BBC News Channel executive editor: 'News channels are the oxygen of news'

BBC News Channel executive editor Sam Taylor says his team report on the BBC itself like any other story: going to the press office to ask for a comment.

“If the press office have something to say about it we’ll put it on and if they haven’t we’ll say they haven’t,” Taylor told the Media Masters podcast.

“That’s the process, you should just treat it as any other story – make inquiries, gather information and then report the information.”

Taylor, executive editor of the 24-hour BBC News Channel and BBC News at One bulletin, added: “What I’m focusing on is helping the team deliver that accurate and impartial reporting whatever it’s about and that’s no different recently with the pay story.

“I didn’t want to come away with the audience feeling that the people reporting, even if they’re quite close to the story or know people who are involved in it, have not reported  it in as fair and accurate a way as possible.”

He added: “One of the best things about the BBC’s independence and commitment to impartiality is that it’s able to report on itself in a way that people think is very fair minded.

In striving to keep the BBC’s news coverage impartial, Taylor said he pushes for other angles and voices on stories.

As part of this, he created the 100 Days programme to explore a wider range of opinions on Donald Trump’s presidency – including his supporters.

“It was clear that we needed a way to really drive our journalism round Donald Trump,” he said.

“People in Europe think Donald Trump is a problem and knowing that in America there’s a lot of people who don’t think that whatsoever.

“That show has been a real vehicle for us finding strong Republican voices, having a debate and getting lots of points of view from different people.”

Taylor began working at the BBC 20 years ago when he started as a trainee. He said he “fell in love” with the company when he started working on broadcast news.

Taylor said TV news had no cause for concern, despite large numbers of younger viewers switching to online sources for news.

He said: “When news is happening in real time it’s important that people have a source of information that they can rely on.

“At the moment news programmes are a really critical part of that and I don’t think they can really envisage how they would be replaced.”

He added: “People have quick ways of getting breaking news out there in short text form, but the role that really well trained, skilled presenters play once a story has broken – bringing it all together and helping people understand what’s happening, adding context and explanation in real time – can’t be replicated just on digital at the moment.”

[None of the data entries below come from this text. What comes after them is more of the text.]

text \<open>Long factors have density at most \<open>2 ^ (3 - k)\<close>, so only a factor shorter than
  \<open>k ln k / 2\<close> needs attention.\<close>

lemma split_inequalityI:
  assumes k: "k \<ge> 3"
    and short: "\<And>m1 m2. 1 \<le> m2 \<Longrightarrow> real m2 < real k / 2 * ln (real k) \<Longrightarrow> M \<le> real (m1 + m2) \<Longrightarrow>
      homogeneous_density k m2 \<le> (1 - real m2 / real (m1 + m2)) ^ (k - 2)"
  shows "split_inequality k M"
proof -
  have ineq: "real (m1 + m2) ^ (k - 2)
      \<le> real m1 ^ (k - 2) / homogeneous_density k m2 + real m2 ^ (k - 2) / homogeneous_density k m1"
    if m: "1 \<le> m2" "m2 \<le> m1" "M \<le> real (m1 + m2)" for m1 m2
  proof (cases "real m2 \<ge> real k / 2 * ln (real k)")
    case True
    moreover have "real m2 \<le> real m1" using m by simp
    ultimately show ?thesis
      using m by (intro split_inequality_long_factors[OF k]) simp_all
  next
    case False
    with m k show ?thesis
      by (intro split_inequality_short_factor short) simp_all
  qed
  show ?thesis
    unfolding split_inequality_def
  proof (intro allI impI)
    fix m1 m2 :: nat assume m: "1 \<le> m1" "1 \<le> m2" "M \<le> real (m1 + m2)"
    show "real (m1 + m2) ^ (k - 2)
        \<le> real m1 ^ (k - 2) / homogeneous_density k m2 + real m2 ^ (k - 2) / homogeneous_density k m1"
    proof (cases "m2 \<le> m1")
      case True
      with ineq m show ?thesis by simp
    next
      case False
      with ineq[of m1 m2] m show ?thesis by (simp add: add.commute)
    qed
  qed
qed

lemma split_inequality_cube:
  assumes k: "k \<ge> 3"
  shows "split_inequality k (real k ^ 3)"
proof (rule split_inequalityI[OF k])
  fix m1 m2 :: nat
  assume m2: "1 \<le> m2" and short: "real m2 < real k / 2 * ln (real k)"
    and M: "real k ^ 3 \<le> real (m1 + m2)"
  define x where "x = real m2 / real (m1 + m2)"
  have "ln (real k) \<le> real k"
    using ln_le_minus_one[of "real k"] k by simp
  then have "real k / 2 * ln (real k) \<le> real k / 2 * real k"
    by (rule mult_left_mono) simp
  then have "real m2 \<le> real k * real k / 2"
    using short by simp
  then have "x \<le> (real k * real k / 2) / real k ^ 3"
    unfolding x_def using M k by (intro frac_le) simp_all
  also have "\<dots> = 1 / (2 * real k)"
    using k by (simp add: power3_eq_cube field_simps)
  finally have x: "0 \<le> x" "x \<le> 1 / (2 * real k)"
    by (simp_all add: x_def)
  have "real (k - 2) * x \<le> real k * (1 / (2 * real k))"
    using x by (intro mult_mono) simp_all
  then have "1 / 2 \<le> 1 + real (k - 2) * (- x)"
    using k by simp
  also have "\<dots> \<le> (1 + (- x)) ^ (k - 2)"
  proof (rule Bernoulli_inequality)
    have "1 / (2 * real k) \<le> 1" using k by simp
    with x show "- 1 \<le> - x" by linarith
  qed
  finally have "1 / 2 \<le> (1 - x) ^ (k - 2)" by simp
  moreover have "homogeneous_density k m2 \<le> 1 / 2"
  proof -
    have "1 / real k \<le> 1 / 2" using k by (simp add: field_simps)
    with homogeneous_density_le_inverse[OF m2, of k] show ?thesis by linarith
  qed
  ultimately show "homogeneous_density k m2 \<le> (1 - real m2 / real (m1 + m2)) ^ (k - 2)"
    by (simp add: x_def)
qed
lemma Frot_orbit_approaches:
  assumes "x \<in> Inp F" "y \<in> Inp F" "e > 0"
  obtains t where "dist ((F ^^ t) x) y < e"
proof -
  obtain m0 where "(1 / 2::real) ^ m0 < e" using real_arch_pow_inv[of e "1 / 2"] assms(3) by auto
  define m where "m = m0 + N"
  have "N \<le> m" unfolding m_def by simp
  have "(2::real) ^ m0 \<le> 2 ^ m" unfolding m_def by (rule power_increasing) simp_all
  then have "(1::real) / 2 ^ m \<le> 1 / 2 ^ m0" by (intro divide_left_mono) simp_all
  then have "1 / 2 ^ m < e" using \<open>(1 / 2) ^ m0 < e\<close> by (simp add: power_divide)
  let ?\<sigma> = "cell_map m"
  have x: "x \<in> {0..<1}" "dyadic_index N x \<in> zero_orbit N"
    and y: "y \<in> {0..<1}" "dyadic_index N y \<in> zero_orbit N"
    using assms(1,2) unfolding Inp_eq by auto
  obtain i where i: "dyadic_index m x = (?\<sigma> ^^ i) 0"
    using dyadic_index_zero_orbit[OF \<open>N \<le> m\<close> x] unfolding zero_orbit_def by auto
  obtain j where j: "dyadic_index m y = (?\<sigma> ^^ j) 0"
    using dyadic_index_zero_orbit[OF \<open>N \<le> m\<close> y] unfolding zero_orbit_def by auto
  obtain M where M: "M > 0" "(?\<sigma> ^^ M) 0 = 0" using cell_map_returns[OF \<open>N \<le> m\<close>, of 0] by auto
  define t where "t = M * i + j - i"
  have "(F ^^ t) x \<in> dyadic_cell m ((?\<sigma> ^^ t) (dyadic_index m x))"
    using x(1) by (intro funpow_Frot_dyadic_cell[OF \<open>N \<le> m\<close>] dyadic_index_less mem_dyadic_cell_index) auto
  also have "(?\<sigma> ^^ t) (dyadic_index m x) = dyadic_index m y"
    unfolding i j t_def by (rule funpow_cycle_reaches[OF M])
  finally have "dist ((F ^^ t) x) y < 1 / 2 ^ m"
    using dist_dyadic_cell mem_dyadic_cell_index y(1) by simp
  then show thesis using \<open>1 / 2 ^ m < e\<close> by (intro that[of t]) linarith
qed

lemma minimal_on_Inp: "minimal_on (Inp F) F"
  unfolding minimal_on_def
proof (intro conjI ballI)
  show "F ` Inp F \<subseteq> Inp F" by (rule Inp_invariant)
  fix x assume "x \<in> Inp F"
  show "Inp F \<subseteq> closure (range (\<lambda>n. (F ^^ n) x))"
  proof
    fix y assume "y \<in> Inp F"
    show "y \<in> closure (range (\<lambda>n. (F ^^ n) x))"
      unfolding closure_approachable
    proof (intro allI impI)
      fix e :: real assume "e > 0"
      then obtain t where "dist ((F ^^ t) x) y < e"
        using Frot_orbit_approaches \<open>x \<in> Inp F\<close> \<open>y \<in> Inp F\<close> by blast
      then show "\<exists>z\<in>range (\<lambda>n. (F ^^ n) x). dist z y < e" by blast
    qed
  qed
qed

section \<open>Maximal periodic intervals\<close>

lemma periodic_interval_dyadic_cell:
  assumes "z \<in> Iper F" "z \<in> dyadic_cell N k"
  shows "periodic_interval F (real k / 2 ^ N) (real (k + 1) / 2 ^ N)"
proof (rule periodic_intervalI)
  show "real k / 2 ^ N < real (k + 1) / 2 ^ N" by (simp add: divide_strict_right_mono)
  fix u assume "u \<in> {real k / 2 ^ N..<real (k + 1) / 2 ^ N}"
  then have "u \<in> dyadic_cell N k" unfolding dyadic_cell_def by (simp add: add.commute)
  then show "u \<in> Iper F \<and> min_period F u = min_period F z" using Iper_dyadic_cell[OF assms] by blast
qed

lemma periodic_interval_dyadic_hull:
  assumes "periodic_interval F x y"
  obtains a b where "a < b" "b \<le> 2 ^ N" "{x..<y} \<subseteq> {real a / 2 ^ N..<real b / 2 ^ N}"
    "periodic_interval F (real a / 2 ^ N) (real b / 2 ^ N)"
proof -
  note xy = periodic_intervalD[OF assms]
  have x: "0 \<le> x" "y \<le> 1" using periodic_interval_bounds[OF assms] unfolding unitI_def by auto
  define a where "a = dyadic_index N x"
  define b where "b = nat \<lceil>2 ^ N * y\<rceil>"
  have x_cell: "x \<in> dyadic_cell N a" unfolding a_def using x(1) by (rule mem_dyadic_cell_index)
  have b: "real b = of_int \<lceil>2 ^ N * y\<rceil>" unfolding b_def using x(1) xy(1) by simp
  have "b \<le> 2 ^ N" using x(2) unfolding b_def by (simp add: ceiling_le_iff nat_le_iff)
  have "y \<le> real b / 2 ^ N" using le_of_int_ceiling[of "2 ^ N * y"] unfolding b by (simp add: field_simps)
  moreover have "real a / 2 ^ N \<le> x" using x_cell unfolding dyadic_cell_def by simp
  ultimately have hull: "{x..<y} \<subseteq> {real a / 2 ^ N..<real b / 2 ^ N}"
    and "real a / 2 ^ N < real b / 2 ^ N" using xy(1) by auto
  then have "a < b" by (simp add: divide_less_cancel)
  have "z \<in> Iper F \<and> min_period F z = min_period F x" if z: "z \<in> {real a / 2 ^ N..<real b / 2 ^ N}" for z
  proof -
    have "0 \<le> real a / 2 ^ N" "real a / 2 ^ N \<le> z" using z by simp_all
    then have "0 \<le> z" by linarith
    define c where "c = dyadic_index N z"
    have z_cell: "z \<in> dyadic_cell N c" unfolding c_def using \<open>0 \<le> z\<close> by (rule mem_dyadic_cell_index)
    have "a \<le> c" using z dyadic_grid_le_iff[OF z_cell, of "int a"] by simp
    have "c < b" using z dyadic_grid_less_iff[OF z_cell, of "int b"] by simp
    then have "int c < \<lceil>2 ^ N * y\<rceil>" unfolding b_def by linarith
    then have "real c / 2 ^ N < y" by (simp add: less_ceiling_iff field_simps)
    then obtain w where w: "w \<in> {x..<y}" "w \<in> dyadic_cell N c"
      using dyadic_cell_meets_interval[OF x_cell \<open>a \<le> c\<close> _ xy(1)] by blast
    have "w \<in> Iper F" using w(1) xy(2) by blast
    then show ?thesis using Iper_dyadic_cell[OF _ w(2) z_cell] xy(3)[OF w(1)] by simp
  qed
  then have "periodic_interval F (real a / 2 ^ N) (real b / 2 ^ N)"
    using \<open>real a / 2 ^ N < real b / 2 ^ N\<close> by (intro periodic_intervalI) blast+
  then show thesis using that \<open>a < b\<close> \<open>b \<le> 2 ^ N\<close> hull by blast
qed

lemma max_periodic_interval_dyadic:
  assumes "max_periodic_interval F x y"
  obtains i j where "i < j" "j \<le> 2 ^ N" "x = real i / 2 ^ N" "y = real j / 2 ^ N"
proof -
  have p: "periodic_interval F x y" using assms by (rule max_periodic_interval_periodic)
  obtain a b where ab: "a < b" "b \<le> 2 ^ N" "{x..<y} \<subseteq> {real a / 2 ^ N..<real b / 2 ^ N}"
    "periodic_interval F (real a / 2 ^ N) (real b / 2 ^ N)"
    using p by (rule periodic_interval_dyadic_hull)
  then have "{real a / 2 ^ N..<real b / 2 ^ N} = {x..<y}" using assms unfolding max_periodic_interval_def by blast
  moreover have "x < y" using p unfolding periodic_interval_def by simp
  moreover have "real a / 2 ^ N < real b / 2 ^ N" using ab(1) by (simp add: divide_strict_right_mono)
  ultimately have "real a / 2 ^ N = x" "real b / 2 ^ N = y" using atLeastLessThan_inj by blast+
  then show thesis using that ab(1,2) by blast
qed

He added: “It’s certainly not the case that right now people would be better informed if they didn’t have 24-hour news. News channels are the oxygen of news.”

Picture: BBC News


4 thoughts on “BBC News Channel executive editor: 'News channels are the oxygen of news'”

  1. Having difficulty applying Mr Taylor’s words to the seemingly kidnapped Skripals or the BBC’s one sided Syrian coverage. How about the IDF slaughtering protesters? Many more examples although I suspect such topics run counter to government,… sorry BBC policy.

  2. “News channels are the oxygen of news.”

    Complete and utter drivel. News channels rarely break any news at all. Even in this modern age, the vast majority of seismic stories are uncovered and broken by newspapers – albeit more often these days by the newspapers’ websites and social media pages.

    Newspapers’ news rooms are set up in a way that other modern media outlets are just not. They are populated by specially trained investigators. Turn on the telly or the radio every morning and what is every news and current affairs show you actually doing? BBC Breakfast, Good Morning Britain, This Morning, The Today programme, The Wright Stuff, Loose Women. What are they all doing? They’re all reading you the paper. Literally. They have newspapers in front of them, they’re reading out stories and then having ‘debates’ about them, or perhaps doing glib little broadcast follow-ups.

    he irony is that TV, radio and online platforms steam in, seize control of those newspapers’ stories, spread them all over the place for free and steal the newspapers’ income. Yet, they use none of their fat profits to either reward the newspapers’ whose investigations are fuelling their businesses, or to set up comparable investigative teams of their own. It’s unsustainable.